What would happen if tomorrow animals got the same fundamental rights as humans? Would we be willing to give up their exploitation in food, research and clothing? Let's take a (speculative) step to discover a radical but perhaps not so unattainable scenario. After all, many elements to transform animals into real "fellow citizens" are already present in our society.
Imagining a world of animal rights
When activists demand animal rights, they invite us to imagine a different world. First of all, we need to understand how our lives are shaped by the lack of animal rights.
The use we make of animals is enormous, far beyond food, work and clothes. From matches to paper passing through condoms, the applications of animal derivatives and waste in industry and consumer products are endless. We kill billions of animals every year to accomplish all this.
Demanding animal rights means prohibiting most such uses by law. And also a request to radically reconfigure our relationship with them. Imagining such a possibility can be truly difficult, but it is an important philosophical and social exercise in considering new ethics.
An invisible change?
Granting rights to animals would drastically change many productions, but many of us may not notice the difference in our daily lives. Not only do there already exist valid vegan alternatives to most animal products, but new technologies make it possible to obtain them without killing or making animals suffer.
For example, it is already possible to grow meat, eggs, milk and leather in the laboratory without using animals. In the future, scientific advances could make these alternatives cost-effective advantageous on a large scale.
Positive consequences on the environment
A change for the better (we would notice it} or{is a environmental improvement. Intensive animal farming uses enormous resources of land, water and energy, and causes heavy pollution. Its drastic reduction it would lighten our impact on the planet.
What would happen instead? scientific and medical research based on animal experiments? Even in this field new computer modeling technologies make it possible to predict the effects of drugs without testing them on animals.
For animal rights advocates, the benefits obtained in the past do not justify us to continue to violate a fundamental individual right, that of not being used as a means to another's ends. In any case, if future progress is possible without harming non-human animals, we must choose alternative methods.

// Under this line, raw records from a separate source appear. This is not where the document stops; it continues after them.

lemma simple_eigenvalue_mat_apply:
  fixes A :: "real mat" and v :: "real vec"
  assumes A: "A \<in> carrier_mat n n" and v: "eigenvector A v k"
    and simple: "\<And>w. eigenvector A w k \<Longrightarrow> \<exists>c. w = c \<cdot>\<^sub>v v"
    and u: "\<forall>i<n. mat_apply A n u i = k * u i"
  shows "\<exists>c. \<forall>i<n. u i = c * vec_index v i"
proof (cases "0 < dotp n u u")
  case True
  then obtain c where c: "vec n u = c \<cdot>\<^sub>v v"
    using simple[OF eigenvector_of_mat_apply[OF A u]] by blast
  have "u i = c * vec_index v i" if "i < n" for i
    using arg_cong[OF c, of "\<lambda>x. vec_index x i"] that eigenvector_carrier_vec[OF A v] by simp
  then show ?thesis by blast
next
  case False
  then have "dotp n u u = 0" using dotp_self_nonneg[of n u] by linarith
  then show ?thesis using dotp_self_eq_0D by (intro exI[of _ 0]) auto
qed

lemma finite_eigenvalues:
  assumes "(A :: real mat) \<in> carrier_mat n n"
  shows "finite {k. eigenvalue A k}"
proof -
  have "char_poly A \<noteq> 0"
    using degree_monic_char_poly[OF assms] by auto
  then have "finite {k. poly (char_poly A) k = 0}" by (rule poly_roots_finite)
  then show ?thesis using eigenvalue_root_char_poly[OF assms] by simp
qed

lemma symmetric_top_eigenvalue:
  assumes A: "A \<in> carrier_mat n n" "symmetric_upto A n" and "0 < n"
  obtains m where "eigenvalue A m" "\<And>w. bform A n w w \<le> m * dotp n w w"
proof -
  obtain u where u: "dotp n u u = 1" and max: "\<And>w. bform A n w w \<le> bform A n u u * dotp n w w"
    using bform_attains_max[OF \<open>0 < n\<close>] by blast
  have "\<forall>i<n. mat_apply A n u i = bform A n u u * u i"
    using form_maximiser_eigen[OF A(2) _ max] u by simp
  then have "eigenvector A (vec n u) (bform A n u u)"
    by (rule eigenvector_of_mat_apply[OF A(1)]) (simp add: u)
  then have "eigenvalue A (bform A n u u)"
    unfolding eigenvalue_def by blast
  with max show ?thesis using that by blast
qed

lemma eigenvalue_le_lambda_max:
  "A \<in> carrier_mat n n \<Longrightarrow> eigenvalue A k \<Longrightarrow> k \<le> lambda_max A"
  unfolding lambda_max_def using finite_eigenvalues by auto

lemma eigenvalue_lambda_max:
  assumes "A \<in> carrier_mat n n" "symmetric_upto A n" "0 < n"
  shows "eigenvalue A (lambda_max A)"
proof -
  obtain m where "eigenvalue A m" using symmetric_top_eigenvalue[OF assms] by blast
  then show ?thesis
    unfolding lambda_max_def using Max_in[OF finite_eigenvalues[OF assms(1)]] by auto
qed

lemma bform_le_lambda_max:
  assumes "A \<in> carrier_mat n n" "symmetric_upto A n" "0 < n"
  shows "bform A n w w \<le> lambda_max A * dotp n w w"
proof -
  obtain m where m: "eigenvalue A m" "\<And>w. bform A n w w \<le> m * dotp n w w"
    using symmetric_top_eigenvalue[OF assms] by blast
  have "m * dotp n w w \<le> lambda_max A * dotp n w w"
    using eigenvalue_le_lambda_max[OF assms(1) m(1)] dotp_self_nonneg[of n w]
    by (rule mult_right_mono)
  with m(2)[of w] show ?thesis by linarith
qed

lemma lambda_max_less:
  assumes "A \<in> carrier_mat n n" "symmetric_upto A n" "0 < n"
    and less: "\<And>w. 0 < dotp n w w \<Longrightarrow> bform A n w w < c * dotp n w w"
  shows "lambda_max A < c"
proof -
  obtain v where v: "eigenvector A v (lambda_max A)"
    using eigenvalue_lambda_max[OF assms(1-3)] unfolding eigenvalue_def by blast
  have pos: "0 < dotp n (vec_index v) (vec_index v)" by (rule eigenvector_dotp_pos[OF assms(1) v])
  have "lambda_max A * dotp n (vec_index v) (vec_index v) < c * dotp n (vec_index v) (vec_index v)"
    using less[OF pos] bform_eigen_right[OF eigenvector_mat_apply[OF assms(1) v]] by simp
  with pos show ?thesis by simp
qed

section \<open>Perturbing a simple top eigenvalue\<close>

text \<open>The maximum of the Rayleigh quotient on the orthogonal complement of \<open>v\<close> is attained by
  compactness; it is below \<open>lambda_max A\<close>, as a maximiser of value \<open>lambda_max A\<close> would be a second,
  independent top eigenvector.\<close>

lemma spectral_gap:
  assumes A: "A \<in> carrier_mat n n" "symmetric_upto A n" "0 < n" and v: "dotp n v v = 1"
    and simple: "\<And>u. \<forall>i<n. mat_apply A n u i = lambda_max A * u i \<Longrightarrow> \<exists>c. \<forall>i<n. u i = c * v i"
  obtains g where "0 < g" "\<And>r. dotp n v r = 0 \<Longrightarrow> bform A n r r \<le> (lambda_max A - g) * dotp n r r"
proof (cases "sphere_orth n v = {}")
  case True
  show ?thesis
  proof (rule that[of 1])
    show "bform A n r r \<le> (lambda_max A - 1) * dotp n r r" if "dotp n v r = 0" for r
      using that True by (intro bform_le_from_sphere_orth) auto
  qed simp
next
  case False
  obtain u where u: "u \<in> sphere_orth n v"
    and max: "\<forall>y\<in>sphere_orth n v. bform A n y y \<le> bform A n u u"
    using continuous_attains_sup[OF compact_sphere_orth False
        continuous_on_subset[OF continuous_on_bform_self subset_UNIV]] by blast
  have u1: "dotp n u u = 1" and uv: "dotp n v u = 0"
    using u by (auto simp: sphere_orth_def)
  have "bform A n u u < lambda_max A"
  proof (rule ccontr)
    assume "\<not> bform A n u u < lambda_max A"
    with bform_le_lambda_max[OF A, of u] u1
    have "bform A n u u = lambda_max A * dotp n u u" by simp
    with form_maximiser_eigen[OF A(2) _ bform_le_lambda_max[OF A]]
    obtain c where c: "\<forall>i<n. u i = c * v i" using simple by blast
    then have "dotp n v u = c * dotp n v v" and "dotp n u u = c * c * dotp n v v"
      unfolding dotp_def by (auto simp: sum_distrib_left algebra_simps intro!: sum.cong)
    with u1 uv v show False by simp
  qed
  with max show ?thesis
    using that[of "lambda_max A - bform A n u u"] bform_le_from_sphere_orth[of n v A] by auto
qed

lemma mult_square_neg_less:
  fixes a t \<beta> g R :: real
  assumes "0 < t" "\<beta> < 0" "0 < g" "0 \<le> R" "0 < a * a + R"
  shows "t * (a * a * \<beta>) < g * R"
proof (cases "a = 0")
  case True
  with assms show ?thesis by (simp add: mult_pos_pos)
next
  case False
  then have "0 < a * a" using zero_less_power2[of a] by (simp add: power2_eq_square)
  then have "t * (a * a * \<beta>) < 0"
    using mult_pos_neg[OF assms(1) mult_pos_neg[OF _ assms(2)]] by blast
  moreover have "0 \<le> g * R" using assms(3,4) by simp
  ultimately show ?thesis by linarith
qed

text \<open>The step size for \<open>lambda_max_perturb_less\<close>: there \<open>a\<close> is the component of a vector along the
  top eigenvector \<open>v\<close>, \<open>R\<close> the squared norm of its orthogonal part \<open>r\<close>, \<open>X = r \<bullet> B v\<close> the cross
  term (bounded by AM-GM) and \<open>Y\<close> the form of \<open>B\<close> at \<open>r\<close>.\<close>

lemma perturbation_step:
  fixes \<beta> g L K :: real
  assumes "\<beta> < 0" "0 < g" "0 \<le> L" "0 \<le> K"
  obtains t where "0 < t" "t \<le> 1"
    "\<And>a R X Y. 0 \<le> R \<Longrightarrow> 0 < a * a + R \<Longrightarrow>
      (\<And>\<delta>. 0 < \<delta> \<Longrightarrow> 2 * a * X \<le> \<delta> * (a * a) * L + R / \<delta>) \<Longrightarrow>
      Y \<le> K * R \<Longrightarrow> t * (a * a * \<beta> + 2 * a * X + Y) < g * R"
proof -
  define \<delta> where "\<delta> = - \<beta> / (2 * (L + 1))"
  define C where "C = 1 / \<delta> + K"
  define t where "t = min 1 (g / (2 * C))"
  have \<delta>: "0 < \<delta>" "\<delta> * L \<le> - \<beta> / 2"
    using assms by (auto simp: \<delta>_def field_simps)
  then have C: "0 < C" using assms(4) by (simp add: C_def add_pos_nonneg)
  have t: "0 < t" "t \<le> 1"
    using assms(2) C by (auto simp: t_def)
  have "t * C \<le> g / (2 * C) * C"
    using C by (intro mult_right_mono) (simp_all add: t_def)
  also have "\<dots> = g / 2" using C by simp
  finally have tC: "t * C \<le> g / 2" .
  show ?thesis
  proof (rule that[OF t(1,2)])
    fix a R X Y :: real
    assume R: "0 \<le> R" "0 < a * a + R"
      and X: "\<And>\<delta>. 0 < \<delta> \<Longrightarrow> 2 * a * X \<le> \<delta> * (a * a) * L + R / \<delta>" and Y: "Y \<le> K * R"
    have "\<delta> * (a * a) * L \<le> - \<beta> / 2 * (a * a)"
      using mult_right_mono[OF \<delta>(2), of "a * a"] by (simp add: algebra_simps)
    with X[OF \<delta>(1)] Y have "a * a * \<beta> + 2 * a * X + Y \<le> a * a * \<beta> / 2 + C * R"
      by (simp add: C_def algebra_simps)
    then have "t * (a * a * \<beta> + 2 * a * X + Y) \<le> t * (a * a * \<beta>) / 2 + (t * C) * R"
      using t(1) by (auto dest: mult_left_mono[of _ _ t] simp: algebra_simps)
    also have "\<dots> \<le> t * (a * a * \<beta>) / 2 + g / 2 * R"
      using mult_right_mono[OF tC R(1)] by simp
    also have "\<dots> < g * R"
      using mult_square_neg_less[OF t(1) assms(1,2) R] by simp
    finally show "t * (a * a * \<beta> + 2 * a * X + Y) < g * R" .
  qed
qed

text \<open>Along \<open>v\<close> the form of \<open>M t\<close> drops to first order in \<open>t\<close>, while the spectral gap of \<open>M\<^sub>0\<close>
  absorbs all directions orthogonal to \<open>v\<close>.\<close>

lemma lambda_max_perturb_less:
  assumes M0: "M0 \<in> carrier_mat n n" "symmetric_upto M0 n" "0 < n"
    and v: "dotp n v v = 1" "\<forall>i<n. mat_apply M0 n v i = lambda_max M0 * v i"
    and simple: "\<And>u. \<forall>i<n. mat_apply M0 n u i = lambda_max M0 * u i \<Longrightarrow> \<exists>c. \<forall>i<n. u i = c * v i"
    and B: "symmetric_upto B n" "bform B n v v < 0"
    and M: "\<And>t. M t \<in> carrier_mat n n" "\<And>t. symmetric_upto (M t) n"
    and dom: "\<And>t w. 0 < t \<Longrightarrow> t \<le> 1 \<Longrightarrow> bform (M t) n w w \<le> bform M0 n w w + t * bform B n w w"
  obtains t where "0 < t" "t \<le> 1" "lambda_max (M t) < lambda_max M0"
proof -
  define lam where "lam = lambda_max M0"
  obtain g where g: "0 < g" "\<And>r. dotp n v r = 0 \<Longrightarrow> bform M0 n r r \<le> (lam - g) * dotp n r r"
    using spectral_gap[OF M0 v(1) simple] unfolding lam_def by blast
  have "0 \<le> (\<Sum>i<n. \<Sum>j<n. \<bar>B $$ (i, j)\<bar>)" by (intro sum_nonneg) simp
  then obtain t where t: "0 < t" "t \<le> 1"
    and step: "\<And>a R X Y. 0 \<le> R \<Longrightarrow> 0 < a * a + R \<Longrightarrow>
      (\<And>\<delta>. 0 < \<delta> \<Longrightarrow> 2 * a * X \<le> \<delta> * (a * a) * dotp n (mat_apply B n v) (mat_apply B n v) + R / \<delta>) \<Longrightarrow>
      Y \<le> (\<Sum>i<n. \<Sum>j<n. \<bar>B $$ (i, j)\<bar>) * R \<Longrightarrow>
      t * (a * a * bform B n v v + 2 * a * X + Y) < g * R"
    using perturbation_step[OF B(2) g(1) dotp_self_nonneg] by blast
  have "lambda_max (M t) < lam"
  proof (rule lambda_max_less[OF M(1,2) M0(3)])
    fix w assume N: "0 < dotp n w w"
    define a where "a = dotp n v w"
    define r where "r = (\<lambda>i. w i - a * v i)"
    note split_M0 = orthogonal_split[OF M0(2) v(1) a_def r_def]
    note split_B = orthogonal_split[OF B(1) v(1) a_def r_def]
    have "bform M0 n r v = lam * dotp n r v"
      using bform_eigen_right[OF v(2)] by (simp add: lam_def)
    then have "dotp n r (mat_apply M0 n v) = 0"
      using split_M0(1) by (simp add: bform_eq_dotp_mat_apply dotp_commute)
    with split_M0(3) bform_eigen_right[OF v(2), of v] v(1)
    have M0w: "bform M0 n w w = lam * (a * a) + bform M0 n r r" by (simp add: lam_def)
    have "bform M0 n r r \<le> lam * dotp n r r - g * dotp n r r"
      using g(2)[OF split_M0(1)] by (simp add: algebra_simps)
    moreover have "t * bform B n w w < g * dotp n r r"
      unfolding split_B(3) using N split_M0(2)
      by (intro step two_mult_dotp_le dotp_self_nonneg) (use abs_bform_self_le[of B n r] in auto)
    moreover have "lam * dotp n w w = lam * (a * a) + lam * dotp n r r"
      using split_M0(2) by (simp add: algebra_simps)
    ultimately have "bform M0 n w w + t * bform B n w w < lam * dotp n w w"
      using M0w by linarith
    with dom[OF t] show "bform (M t) n w w < lam * dotp n w w"
      by (meson order_le_less_trans)
  qed
  with t that show ?thesis unfolding lam_def by blast
qed
lemma separable_upd_holomorphic:
  assumes "separable V k F" "i \<in> {1..k}"
  shows "\<exists>U. open U \<and> 0 \<in> U \<and> (\<lambda>w. F (z(i := w))) holomorphic_on U - {0}"
  using assms(1)
proof (induction rule: separable.induct)
  case zero
  then show ?case by (intro exI[of _ UNIV]) (auto intro: holomorphic_intros)
next
  case (prod g a)
  obtain K where "pole_order_le K (g i)"
    using prod assms(2) by (auto simp: admissible_def)
  then obtain U where U: "open U" "0 \<in> U" "g i holomorphic_on U - {0}"
    by (rule pole_order_le_imp_holomorphic)
  have "(\<lambda>w. g j ((z(i := w)) j)) holomorphic_on U - {0}" for j
    using U(3) by (cases "j = i") (auto intro: holomorphic_intros)
  then have "(\<lambda>w. a * (\<Prod>j = 1..k. g j ((z(i := w)) j))) holomorphic_on U - {0}"
    by (intro holomorphic_intros)
  then show ?case using U by blast
next
  case (add F G)
  then obtain U1 U2 where U:
    "open U1" "0 \<in> U1" "(\<lambda>w. F (z(i := w))) holomorphic_on U1 - {0}"
    "open U2" "0 \<in> U2" "(\<lambda>w. G (z(i := w))) holomorphic_on U2 - {0}" by blast
  have "(\<lambda>w. F (z(i := w)) + G (z(i := w))) holomorphic_on U1 \<inter> U2 - {0}"
    by (intro holomorphic_on_add holomorphic_on_subset[OF U(3)] holomorphic_on_subset[OF U(6)]) auto
  with U show ?case by blast
qed

lemma separable_geom_coeff:
  assumes "finite J" "J \<subseteq> {1..k}"
  shows "separable V k (\<lambda>z. fps_nth (H * (\<Prod>j \<in> J. geom_fps (1 - z j))) n)"
  using assms
proof (induction J arbitrary: n rule: finite_induct)
  case empty
  then show ?case by (simp add: separable_const)
next
  case (insert i J)
  let ?c = "\<lambda>z n. fps_nth (H * (\<Prod>j \<in> J. geom_fps (1 - z j))) n"
  have "fps_nth (H * (\<Prod>j \<in> insert i J. geom_fps (1 - z j))) n =
      (\<Sum>l = 0..n. (1 - z i) ^ l * ?c z (n - l))" for z
  proof -
    have "fps_nth (H * (\<Prod>j \<in> insert i J. geom_fps (1 - z j))) n =
        fps_nth (geom_fps (1 - z i) * (H * (\<Prod>j \<in> J. geom_fps (1 - z j)))) n"
      using insert.hyps by (simp add: mult_ac)
    also have "\<dots> = (\<Sum>l = 0..n. fps_nth (geom_fps (1 - z i)) l * ?c z (n - l))"
      by (rule fps_mult_nth)
    finally show ?thesis by (simp add: geom_fps_def)
  qed
  moreover have "separable V k (\<lambda>z. \<Sum>l = 0..n. (1 - z i) ^ l * ?c z (n - l))"
    using insert
    by (intro separable_sum separable_mult separable_single admissible_holomorphic insert.IH)
       (auto intro!: holomorphic_intros)
  ultimately show ?case by simp
qed

section \<open>Weighted residues\<close>

definition weighted_res :: "nat \<Rightarrow> ((nat \<Rightarrow> complex) \<Rightarrow> complex) \<Rightarrow> (nat \<Rightarrow> complex) \<Rightarrow> complex" where
  "weighted_res k F = (\<lambda>z. residue (\<lambda>w. F (z(k := w)) * cross_weight (k - 1) z w) 0)"

lemma weighted_res_integrand_holomorphic:
  assumes "separable V k F" "1 \<le> k"
  obtains U where "open U" "0 \<in> U"
    "(\<lambda>w. F (z(k := w)) * cross_weight (k - 1) z w) holomorphic_on U - {0}"
proof -
  obtain U1 where U1: "open U1" "0 \<in> U1" "(\<lambda>w. F (z(k := w))) holomorphic_on U1 - {0}"
    using separable_upd_holomorphic[OF assms(1), of k z] assms(2) by auto
  obtain U2 where U2: "open U2" "0 \<in> U2" "cross_weight (k - 1) z holomorphic_on U2"
    by (rule cross_weight_holomorphic)
  have "open (U1 \<inter> U2)" "0 \<in> U1 \<inter> U2"
    using U1 U2 by auto
  moreover have "(\<lambda>w. F (z(k := w)) * cross_weight (k - 1) z w) holomorphic_on U1 \<inter> U2 - {0}"
    by (intro holomorphic_on_mult holomorphic_on_subset[OF U1(3)] holomorphic_on_subset[OF U2(3)]) auto
  ultimately show ?thesis by (rule that)
qed
lemma card_permuted_stt_filter:
  assumes "\<forall>x\<in>#lam. 0 < x"
  shows "card {x \<in> permuted_stt lam. Q x}
    = (\<Sum>w\<in>bool_lists (sum_mset lam) (size lam). \<Sum>ds\<in>permutations_of_multiset lam.
         card (injections (white_thorns w) (black_thorns ds) (\<lambda>\<sigma>. Q ((w, ds), \<sigma>))))"
proof -
  have "card {x \<in> permuted_stt lam. Q x} = (\<Sum>(w, ds)\<in>star_thorn_trees lam.
      card (injections (white_thorns w) (black_thorns ds) (\<lambda>\<sigma>. Q ((w, ds), \<sigma>))))"
    unfolding permuted_stt_filter_eq_Sigma[OF assms]
    by (subst card_SigmaI)
      (auto simp: star_thorn_trees_eq_Times finite_bool_lists finite_injections white_thorns_def
        black_thorns_eq_Sigma intro!: sum.cong)
  then show ?thesis
    by (simp add: star_thorn_trees_eq_Times sum.cartesian_product)
qed

lemma card_injections_thorns:
  assumes "(w, ds) \<in> star_thorn_trees lam" "\<forall>x\<in>#lam. 0 < x"
  shows "card (injections (white_thorns w) (black_thorns ds) (\<lambda>_. True)) = fact (sum_mset lam - size lam)"
  using card_injections[of "white_thorns w" "black_thorns ds"] card_thorns_star_thorn_tree[OF assms]
  by (simp add: white_thorns_def black_thorns_eq_Sigma)

lemma P1_iff: "w \<noteq> [] \<Longrightarrow> P1 ((w, ds), \<sigma>) \<longleftrightarrow> w ! 0"
  by (simp add: P1_def hd_conv_nth)

lemma card_P2_injections:
  assumes tree: "(w, ds) \<in> star_thorn_trees lam" and pos: "\<forall>x\<in>#lam. 0 < x"
    and "w ! 0" and thorns: "size lam < sum_mset lam"
  shows "card (injections (white_thorns w) (black_thorns ds) (\<lambda>\<sigma>. P2 ((w, ds), \<sigma>)))
       = (\<Sum>v | v < size lam \<and> (\<forall>i\<le>v. w ! i). ds ! v - 1) * fact (sum_mset lam - size lam - 1)"
proof -
  let ?p = "size lam" and ?W = "white_thorns w" and ?T = "black_thorns ds"
  let ?F = "thorn_preceded w" and ?h = "\<lambda>j. edge_pos w j - 1"
  have p: "length ds = ?p" "length (filter id w) = ?p" "0 < ?p"
    using tree thorns by (auto simp: star_thorn_trees_def)
  have card: "card ?W = sum_mset lam - ?p" "card ?T = sum_mset lam - ?p"
    using card_thorns_star_thorn_tree[OF tree pos] by auto
  have "injections ?W ?T (\<lambda>\<sigma>. P2 ((w, ds), \<sigma>))
      = injections ?W ?T (\<lambda>\<sigma>. reaches_root {0..<?p} 0 (fill_arcs ?F (\<lambda>j. j - 1) ?h fst \<sigma>))"
    using P2_iff_reaches_root[of w ds] p by (auto simp: injections_def)
  moreover have "card (injections ?W ?T (\<lambda>\<sigma>. reaches_root {0..<?p} 0 (fill_arcs ?F (\<lambda>j. j - 1) ?h fst \<sigma>)))
        * fact (card ?T - card ?W)
      = card {t\<in>?T. (fst t, 0) \<in> (fun_arcs ({0..<?p} - ?F) 0 (\<lambda>j. j - 1))\<^sup>*} * fact (card ?T - 1)"
  proof (rule card_reaches_root_injections)
    show "finite ?F" "?F \<subseteq> {0..<?p} - {0}"
      using p by (auto simp: thorn_preceded_def)
    show "?T \<noteq> {}"
      using card thorns by auto
    show "fst ` ?T \<subseteq> {0..<?p}"
      using p by (auto simp: black_thorns_def)
  qed (use card thorn_preceded_white_thorn inj_on_thorn_preceded rooted_forest_pred
        in \<open>auto simp: white_thorns_def black_thorns_eq_Sigma\<close>)
  moreover have "{t\<in>?T. (fst t, 0) \<in> (fun_arcs ({0..<?p} - ?F) 0 (\<lambda>j. j - 1))\<^sup>*}
      = (SIGMA v:{v. v < ?p \<and> (\<forall>i\<le>v. w ! i)}. {..<ds ! v - 1})"
    using reaches_zero_iff_initial_true[of w] \<open>w ! 0\<close> p by (auto simp: black_thorns_eq_Sigma)
  ultimately show ?thesis
    using card by simp
qed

Reconfiguring the human-animal relationship
What would happen to the roles that living animals have for us, as workers, entertainers or companions? Even though we love our pets, some owners have them euthanized for questionable reasons. If animals had rights, we should treat them more like trusted family members or even fellow citizens. They might have social rights, perhaps (don't laugh) pension rights.
When police dog Finn was stabbed in 2016 in England, the attacker was only charged with criminal damage. If Finn had had full legal rights, he would have been protected as a person. Some natural entities, such as the Magpie River in Canada, have already achieved this status.
Animal rights: a radical but concrete scenario
Once upon a time, the idea of abolishing slavery or giving women the vote seemed impossible. Perhaps one day our grandchildren will look with dismay at the way we have treated nonhuman animals.
When we try to imagine a world of animal rights, we find that it's not that difficult. The necessary concepts, technologies and mechanisms already exist, we just have to be brave enough to use them.